= The Cookie Thief =

Sesame Street television special

A promotional image for the special.

The Cookie Thief is a 2015 Sesame Street special that aired on PBS Kids on February 16, 2015. The film is set in a new museum on Sesame Street, the Museum of Cookie Art and features Cookie Monster, who has to deal with suspicion that he is eating all of the museum's exhibits. Rachel Dratch stars in this special as an unnamed security guard in pursuit of Cookie Monster.
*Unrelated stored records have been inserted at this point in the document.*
(* Let $n\ge 3$ and let $\mathbf{x}$ be a fractional vertex of $P^n_{\mathrm{SEP}}$. Then $|E_{\mathbf{x}}|\ge n+3$.
   Context: $K_n=(V_n,E_n)$ is the complete undirected graph on $n$ nodes; $\delta(S)$ is the set of edges with exactly one endpoint in $S\subseteq V_n$. $P^n_{\mathrm{SEP}}=\{\mathbf{x}\in\mathbb{R}^{E_n} : \sum_{e\in\delta(v)}x_e=2\ \forall v;\ \sum_{e\in\delta(S)}x_e\ge 2\ \forall S \text{ with } 3\le|S|\le n-3;\ 0\le x_e\le 1\}$. A vertex is an extreme point of $P^n_{\mathrm{SEP}}$; it is fractional if it is not integral. $E_{\mathbf{x}}=\{e\in E_n: x_e>0\}$ is the edge set of the support graph of $\mathbf{x}$. *)

theory Defs
  imports "HOL-Analysis.Analysis"
begin

text \<open>Nodes of K_n are 0..n-1; an edge is a 2-element subset of the node set.
  Vectors in R^{E_n} are represented as functions on sets of nodes that vanish
  outside E_n.\<close>

definition V_n :: "nat \<Rightarrow> nat set" where
  "V_n n = {..<n}"

definition E_n :: "nat \<Rightarrow> nat set set" where
  "E_n n = {e. e \<subseteq> V_n n \<and> card e = 2}"

definition delta :: "nat \<Rightarrow> nat set \<Rightarrow> nat set set" where
  "delta n S = {e \<in> E_n n. card (e \<inter> S) = 1}"

definition P_SEP :: "nat \<Rightarrow> (nat set \<Rightarrow> real) set" where
  "P_SEP n = {x. (\<forall>e. e \<notin> E_n n \<longrightarrow> x e = 0)
     \<and> (\<forall>v \<in> V_n n. (\<Sum>e\<in>delta n {v}. x e) = 2)
     \<and> (\<forall>S. S \<subseteq> V_n n \<and> 3 \<le> card S \<and> card S \<le> n - 3 \<longrightarrow> (\<Sum>e\<in>delta n S. x e) \<ge> 2)
     \<and> (\<forall>e \<in> E_n n. 0 \<le> x e \<and> x e \<le> 1)}"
This was one of Fran Brill's final works before she retired from puppeteer work. As of 2016, and the following season, Stephanie D'Abruzzo will be the primary puppeteer for Prairie Dawn and Jennifer Barnhart will be the primary puppeteer for Zoe.

==Synopsis==
A new museum, the Museum of Cookie Art, has opened on Sesame Street and Cookie Monster has decided to attend with his friends Chris and Elmo where Prairie Dawn is working there as a tour guide. Upon seeing the art, which parodies art masterpieces such as da Vinci's Mona Lisa, Van Gogh's The Potato Eaters and Munch's The Scream Cookie Monster wants to eat everything he sees, prompting Chris to remind him that he can only look at it and not eat it. Even a female security guard (Rachel Dratch) tends to catch him almost committing the acts. However, when the cookie paintings start disappearing, the female security guard and the Penguin security guards believe that Cookie Monster is the thief. Elmo decides to take on the role of detective to figure out who stole them. He finds a trail of cookie crumbs, butter, and chocolate chips, which he correctly guesses proves the thief to be an anthropomorphic chocolate chip cookie. The trio tries to tell the guards, who do not believe them and throw them out of the museum.

Once outside, they manage to contact Abby Cadabby who magically transforms them into a painting. She then takes the painting to the museum, where it is displayed and then stolen by the Cookie Thief. They then change back to their normal forms and, along with the museum's guards who now believe in Cookie Monster's innocence, chase the thief.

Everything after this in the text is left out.